Apparently some folks are getting spooked by the goings-on at the Waipouli condo resort, across from Safeway. I’d heard a few reports of unusual events, and then Brian at the post office, who always asks what I’m working on, suggested yesterday I might want to write about how the place is haunted.

He said he’d been hearing stories of doors opening and closing in the night, furniture moving around by itself, strange noises. “But it might get some people upset at you,” he cautioned.

“Well,” I responded, “other people already got pretty upset when they dug up all those bones at the site and built those condos.
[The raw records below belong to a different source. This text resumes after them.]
lemma attainable_all:
  assumes "attainable x e r" shows "attainable x e r'"
proof -
  have "attainable x e (r - int k)" for k
    by (induction k) (use assms in \<open>auto dest: attainable_pred simp: algebra_simps\<close>)
  then have "attainable x e (r - (r - r') mod e)"
    using e_pos by (metis int_nat_eq pos_mod_sign)
  moreover have "r - (r - r') mod e - r' = e * ((r - r') div e)"
    using minus_mod_eq_mult_div[of "r - r'" e] by simp
  then have "[r - (r - r') mod e = r'] (mod e)"
    by (simp add: cong_iff_dvd_diff)
  ultimately show ?thesis by (rule attainable_cong)
qed

(* A power g = 2^l that is 1 modulo e and has some exact 3-adic valuation n >= 1;
   g = 4^lam does, since 4 = 1 (mod 3). *)
lemma power_of_2_lifting_base:
  obtains l n c where "[(2::int) ^ l = 1] (mod e)" "(2::int) ^ l - 1 = 3 ^ n * c" "\<not> 3 dvd c" "n \<ge> 1"
proof -
  have four: "(2::int) ^ (lam * 2) = 4 ^ lam"
    by (simp add: power_mult power_even_eq[symmetric])
  have "(4::int) ^ lam > 4 ^ 0" using lam_pos by (intro power_strict_increasing) auto
  then obtain n c where nc: "(4::int) ^ lam - 1 = 3 ^ n * c" "\<not> 3 dvd c" "c > 0"
    using prime_power_decompose[of 3 "4 ^ lam - 1"] by auto
  have "[(4::int) ^ lam = 1 ^ lam] (mod 3)" by (intro cong_pow) (simp add: cong_iff_dvd_diff)
  then have "3 dvd (4::int) ^ lam - 1" by (simp add: cong_iff_dvd_diff)
  then have "n \<ge> 1" using nc by (cases n) auto
  moreover have "[(2::int) ^ (lam * 2) = 1] (mod e)"
    using cong_pow[OF two_pow_lam, of 2] by (simp add: power_mult)
  ultimately show ?thesis using that[of "lam * 2"] nc four by simp
qed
Then on Tuesday, a reader left this comment on that post:

i just returned from a stay at waipouli resort over the labor day weekend and had a strange experience. my stay on friday and saturday night were uneventful, but on sunday night i believe i had a visit from a spirit. i returned from dinner around 9pm and got ready for bed. i put my earrings that i had been wearing that night on the desk next to the bed. i was watching tv and kept hearing clinking noises coming from the kitchen. i was spooked so i turned on the living room light to keep a light on all night. i had strange nightmares all night long. the next morning after showering, i went to the desk to put on my earrings and one earring was snapped broken. the earrings themselves were still on the desk but the wires had been detached from the earrings and were on the floor under the desk. i gathered up the wires and one small piece of metal that i thought came from my earring and flew home to oahu. upon examining my earrings, i realized the small piece of metal i had picked up was not from my earring and was probably from someone else's earring. i think the spirit that visits this particular room has a thing about earrings. i had no idea about spirits at waipouli until i got home and searched the internet and came upon your article.
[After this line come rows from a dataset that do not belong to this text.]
(* Let $c$ be a positive measurable function on $(T,+\infty)$ such that $c(t)e^{-t}$ is decreasing on $(T,+\infty)$ and $\int_{T_1}^{+\infty}c(t)e^{-t}dt<+\infty$ for some $T_1>T$. Then there is a positive measurable function $\tilde c$ on $(T,+\infty)$ such that (1) $\tilde c\ge c$ on $(T,+\infty)$; (2) $\tilde c(t)e^{-t}$ is strictly decreasing on $(T,+\infty)$ and $\tilde c$ is increasing on $(a,+\infty)$ for some real number $a>T$; (3) $\int_{T_1}^{+\infty}\tilde c(t)e^{-t}dt<+\infty$. Moreover, if $\int_T^{+\infty}c(t)e^{-t}dt<+\infty$ and $c\in\mathcal{P}_T$, then $\tilde c$ can be chosen to satisfy (1)–(3) and in addition $\int_T^{+\infty}\tilde c(t)e^{-t}dt<+\infty$ and $\tilde c\in\mathcal{P}_T$.
   Context: For the "moreover" part: $M$ is a complex manifold, $\psi$ is plurisubharmonic on $M$ with $T=-\sup_M\psi$, and $\varphi$ is Lebesgue measurable with $\varphi+\psi$ plurisubharmonic. $\mathcal{P}_T$ is the class of positive measurable functions $c$ on $(T,+\infty)$ such that $c(t)e^{-t}$ is decreasing and there is a closed subset $E\subset M$ with $E\subset\{z\in Z:\psi(z)=-\infty\}$ for some analytic subset $Z$ of $M$, such that $e^{-\varphi}c(-\psi)$ has a positive lower bound on every compact subset of $M\setminus E$. *)

theory Defs
  imports "HOL-Analysis.Analysis"
begin

definition pos_meas_on :: "real \<Rightarrow> (real \<Rightarrow> real) \<Rightarrow> bool" where
  "pos_meas_on T c \<longleftrightarrow> (\<forall>t>T. 0 < c t) \<and> set_borel_measurable lborel {T<..} c"

definition ce_decr :: "real \<Rightarrow> (real \<Rightarrow> real) \<Rightarrow> bool" where
  "ce_decr T c \<longleftrightarrow> (\<forall>s t. T < s \<and> s \<le> t \<longrightarrow> c t * exp (- t) \<le> c s * exp (- s))"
But then, I'm sure Joe Brescia, who is trying to build the Naue house, doesn't believe in all that stuff. And given his track record as a speculator on Kauai, he won't be staying at the house, anyway.

6 comments:

Anonymous said...

"You moved the gravestones but you left the people! Why? Why?!"
-- Poltergeist, 1982

Regardless of one's personal view of the avowed spirit world -- serious or sneering, atheist or priest -- it is universally regarded as an improper place to piss.

Legal games that give permission to trash the bones of people we revere, in the name of property rights and in the pursuit of personal profit, are simply wrong.
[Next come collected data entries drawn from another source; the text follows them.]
(* Let $G$ be a finite Coxeter group acting by its geometric realisation on a Euclidean space $V$, with set of simple reflections $S$ and simple roots $e_s$, $s\in S$. Let $J\subset S$ satisfy the $(-1)$-condition and let $\sigma_J$ be the corresponding involution. Then the centraliser $C(\sigma_J)=\{g\in G: g\sigma_J=\sigma_J g\}$ coincides with the normaliser $N(G_J)=\{g\in G: gG_Jg^{-1}=G_J\}$ of the parabolic subgroup $G_J$.
   Context: For $J\subset S$, $G_J$ is the subgroup generated by $J$ and $V_J$ is the subspace of $V$ spanned by $\{e_s: s\in J\}$. $J$ satisfies the $(-1)$-condition if $G_J$ contains an element $\sigma_J$ acting on $V_J$ as $-\mathrm{Id}$; this element acts as the identity on $V_J^\perp$, is uniquely determined and is an involution. *)

theory Defs
  imports "HOL-Analysis.Analysis"
begin

definition reflection :: "'a::real_inner \<Rightarrow> 'a \<Rightarrow> 'a" where
  "reflection a v = v - (2 * (v \<bullet> a) / (a \<bullet> a)) *\<^sub>R a"

text \<open>The submonoid of maps generated by X under composition. For a finite set of
  involutions generating a finite group this is exactly the generated subgroup.\<close>
inductive_set generated :: "('a \<Rightarrow> 'a) set \<Rightarrow> ('a \<Rightarrow> 'a) set" for X where
  gen_id: "id \<in> generated X"
| gen_step: "x \<in> X \<Longrightarrow> g \<in> generated X \<Longrightarrow> x \<circ> g \<in> generated X"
And in some small corner of our materialistic hearts, everyone knows it.

Larry said...

When I was a kid we used to rent a bungalow on Far Rockaway beach in New York for several summers in a row.

A couple of blocks down there had been some kind of coverup involving someone dying in another bungalow and no one ever found to be responsible. I probably didn't understand then what it was about and don't remember now.

Part of it was that I think some people felt the occupant of the house (owner or renter, I don't remember) had something to do with it.

In any case, as soon as the sun set, people walking by on the beach would moan as they passed that street. Hey, it's a free country, people can moan if they want to.

Later that summer the bungalow was closed up and locked. By the time we left to go back to school some of the windows had been broken and it was beginning to decline.

So there's nothing saying that the house at Naue will ever be sold. Who would want a house with people moaning as they pass by all the time.

Not that I would suggest anything, of course.

Anonymous said...

Maybe....one way of discouraging more of this type of disrespectful building.....would be to list the addresses of all the places that have been build upon Iwi in a book about "Hawaiian Spirits" so tourists can learn about what is happening to the island, do not patronize these places but instead visit these places persona non grata.

Dr. Freddy

Anonymous said...

There would be no place to stay except the Tip Top.
All the houses built on sand would be suspect.
Plus, we couldn't drive through Kapa'a as there are burials under the roads.

Anonymous said...

No, maybe Mr. Brescia won't be living in that house but when he sells it, he is supposed to fully disclose that the house sits on grave sites. He is supposed to also disclose if it might be haunted. He should be finding out soon enough even before the house is pau whether it is haunted. Can't wait to hear all those spooky stories. Josephine

Anonymous said...

In pristine valleys and on tropical beaches, in mountains sacred to people and tundra sacred only to birds, if someone wants it, they'll find a way to dig it up, rip it out and consume it -- for cash.

Gold mines or graveyards, they'll gobble it down to fatten the already bloated gut of their bank accounts. Hungry? Eat. You can never have enough.

And people say cannibalism is a thing of the past.